PROBLEM DESCRIPTION: Work out how many lines below hold the string "ultimately" and state only that figure.

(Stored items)
theorem proposition2p4:
  fixes M :: "'a measure"
    and X :: "nat \<Rightarrow> 'a \<Rightarrow> real^('d::finite)"
    and P :: "('p::finite) \<Rightarrow> real^'d"
    and Sig :: "nat \<Rightarrow> 'a \<Rightarrow> real^'p^'p"
    and Sig0 :: "real^'p^'p"
    and \<eta> :: real
    and l :: 'p
  assumes "prob_space M"
    and "\<And>i. X i \<in> borel_measurable M"
    and "\<And>m. Sig m \<in> borel_measurable M"
    and "\<And>m. AE w in M. pos_def (Sig m w)"
    and "pos_def Sig0"
    and "\<And>\<epsilon>. \<epsilon> > 0 \<Longrightarrow>
           (\<lambda>m. measure M {w \<in> space M. norm (Sig m w - Sig0) > \<epsilon>}) \<longlonglongrightarrow> 0"
    and "\<eta> > 0"
    and "to_infty_in_prob M (\<lambda>m w. SUP k\<in>{m<..}.
           ereal ((real m / real k) powr (3/2 + \<eta>) * Estat X (P l) m k w))"
  shows "to_infty_in_prob M (\<lambda>m w. SUP k\<in>{m<..}.
           ereal ((real m / real k) powr (3/2 + \<eta>) * Dstat X P Sig m k w))"
proof -
  interpret prob_space M by fact
  note [measurable] = assms(2,3)
  define B where "B = norm Sig0 + 1"
  define c where "c = sqrt (real CARD('p) * B)"
  define r where "r m k = (real m / real k) powr (3/2 + \<eta>)" for m k :: nat
  define SE where "SE = (\<lambda>m w. SUP k\<in>{m<..}. ereal (r m k * Estat X (P l) m k w))"
  define SD where "SD = (\<lambda>m w. SUP k\<in>{m<..}. ereal (r m k * Dstat X P Sig m k w))"
  define N where "N m = {w \<in> space M. 1 < norm (Sig m w - Sig0)}" for m
  have "to_infty_in_prob M SE" using assms(8) unfolding SE_def r_def .
  moreover have "SD m \<in> borel_measurable M" for m unfolding SD_def by measurable
  moreover have "N m \<in> events" for m unfolding N_def by measurable
  moreover have "(\<lambda>m. prob (N m)) \<longlonglongrightarrow> 0" unfolding N_def using assms(6) by simp
  moreover have "0 < c" by (simp add: c_def B_def add_nonneg_pos)
  moreover have "AE w in M. w \<notin> N m \<longrightarrow> SE m w \<le> ereal c * SD m w" for m
    using assms(4)[of m] AE_space
  proof eventually_elim
    case (elim w)
    show ?case
    proof
      assume "w \<notin> N m"
      with elim(2) have "norm (Sig m w - Sig0) \<le> 1" by (simp add: N_def)
      then have "norm (Sig m w) \<le> B"
        using norm_triangle_sub[of "Sig m w" Sig0] unfolding B_def by linarith
      then show "SE m w \<le> ereal c * SD m w"
        unfolding SE_def SD_def c_def
        by (rule SUP_weighted_Estat_le_Dstat[where Sig=Sig and m=m and w=w, OF elim(1)])
          (simp add: r_def)
    qed
  qed
  ultimately have "to_infty_in_prob M SD" by (rule to_infty_in_prob_dominating)
  then show ?thesis unfolding SD_def r_def .
qed
lemma subprojection_of_limit_eq_scaleR:
  assumes min: "\<And>n. minimal_projection st (y n)" and lim: "y \<longlonglongrightarrow> p"
    and q: "is_projection st q" "p * q * p = q"
  shows "\<exists>\<alpha>. q = \<alpha> *\<^sub>R p"
proof -
  have y_proj: "is_projection st (y n)" and y_norm: "norm (y n) = 1" for n
    using min[of n] norm_minimal_projection unfolding minimal_projection_def by auto
  have "\<exists>\<alpha>. y n * q * y n = \<alpha> *\<^sub>R y n" for n
  proof (rule corner_eq_scaleR[OF min])
    have y: "y n * y n = y n" "st (y n) = y n" and "st q = q"
      using y_proj[of n] q(1) by (auto simp: is_projection_def)
    then show "st (y n * q * y n) = y n * q * y n"
      by (simp add: st_mult mult.assoc)
    show "y n * (y n * q * y n) = y n * q * y n" "y n * q * y n * y n = y n * q * y n"
      using y(1) by (metis mult.assoc)+
  qed
  then obtain \<alpha> where \<alpha>: "\<And>n. y n * q * y n = \<alpha> n *\<^sub>R y n"
    by metis
  have "\<bar>\<alpha> n\<bar> \<le> 1" for n
  proof -
    have "\<bar>\<alpha> n\<bar> = norm (y n * q * y n)"
      using y_norm[of n] by (simp add: \<alpha>)
    also have "\<dots> \<le> norm (y n) * norm q * norm (y n)"
      by (metis norm_mult_ineq mult_right_mono norm_ge_zero order_trans)
    also have "\<dots> \<le> 1"
      using y_norm[of n] norm_projection_le_1[OF q(1)] by simp
    finally show ?thesis .
  qed
  then have "bounded (range \<alpha>)"
    unfolding bounded_iff by auto
  then obtain \<alpha>0 r where r: "strict_mono r" "(\<alpha> \<circ> r) \<longlonglongrightarrow> \<alpha>0"
    using bounded_imp_convergent_subsequence by blast
  have "(\<lambda>n. y n * q * y n) \<longlonglongrightarrow> p * q * p"
    by (intro tendsto_intros lim)
  then have "(\<lambda>n. \<alpha> (r n) *\<^sub>R y (r n)) \<longlonglongrightarrow> q"
    using LIMSEQ_subseq_LIMSEQ[OF _ r(1)] q(2) by (simp add: \<alpha> o_def)
  moreover have "(\<lambda>n. \<alpha> (r n) *\<^sub>R y (r n)) \<longlonglongrightarrow> \<alpha>0 *\<^sub>R p"
    using tendsto_scaleR[OF r(2) LIMSEQ_subseq_LIMSEQ[OF lim r(1)]] by (simp add: o_def)
  ultimately show ?thesis
    using LIMSEQ_unique by blast
qed

lemma minimal_projection_limit:
  assumes min: "\<And>n. minimal_projection st (y n)" and lim: "y \<longlonglongrightarrow> p"
  shows "minimal_projection st p"
proof -
  have "is_projection st p"
    using min lim is_projection_limit unfolding minimal_projection_def by blast
  have "(\<lambda>n. norm (y n)) \<longlonglongrightarrow> norm p"
    using tendsto_norm[OF lim] .
  then have "norm p = 1"
    using min norm_minimal_projection by (simp add: LIMSEQ_const_iff)
  have "q = 0 \<or> q = p" if q: "is_projection st q" "q * p = q" for q
  proof -
    have "p * q * p = q"
      using subprojection_mult_left[OF q(1) \<open>is_projection st p\<close> q(2)] q(2) by (simp add: mult.assoc)
    then obtain \<alpha> where \<alpha>: "q = \<alpha> *\<^sub>R p"
      using subprojection_of_limit_eq_scaleR[OF min lim q(1)] by blast
    then have "(\<alpha> * \<alpha> - \<alpha>) *\<^sub>R p = 0"
      using q(1) \<open>is_projection st p\<close> by (simp add: is_projection_def algebra_simps)
    then have "\<alpha> * \<alpha> - \<alpha> = 0"
      using \<open>norm p = 1\<close> by auto
    then have "\<alpha> = 0 \<or> \<alpha> = 1"
      by (simp add: algebra_simps)
    then show ?thesis
      using \<alpha> by auto
  qed
  then show ?thesis
    unfolding minimal_projection_def using \<open>is_projection st p\<close> \<open>norm p = 1\<close> by auto
qed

EXERCISE RESPONSE: 2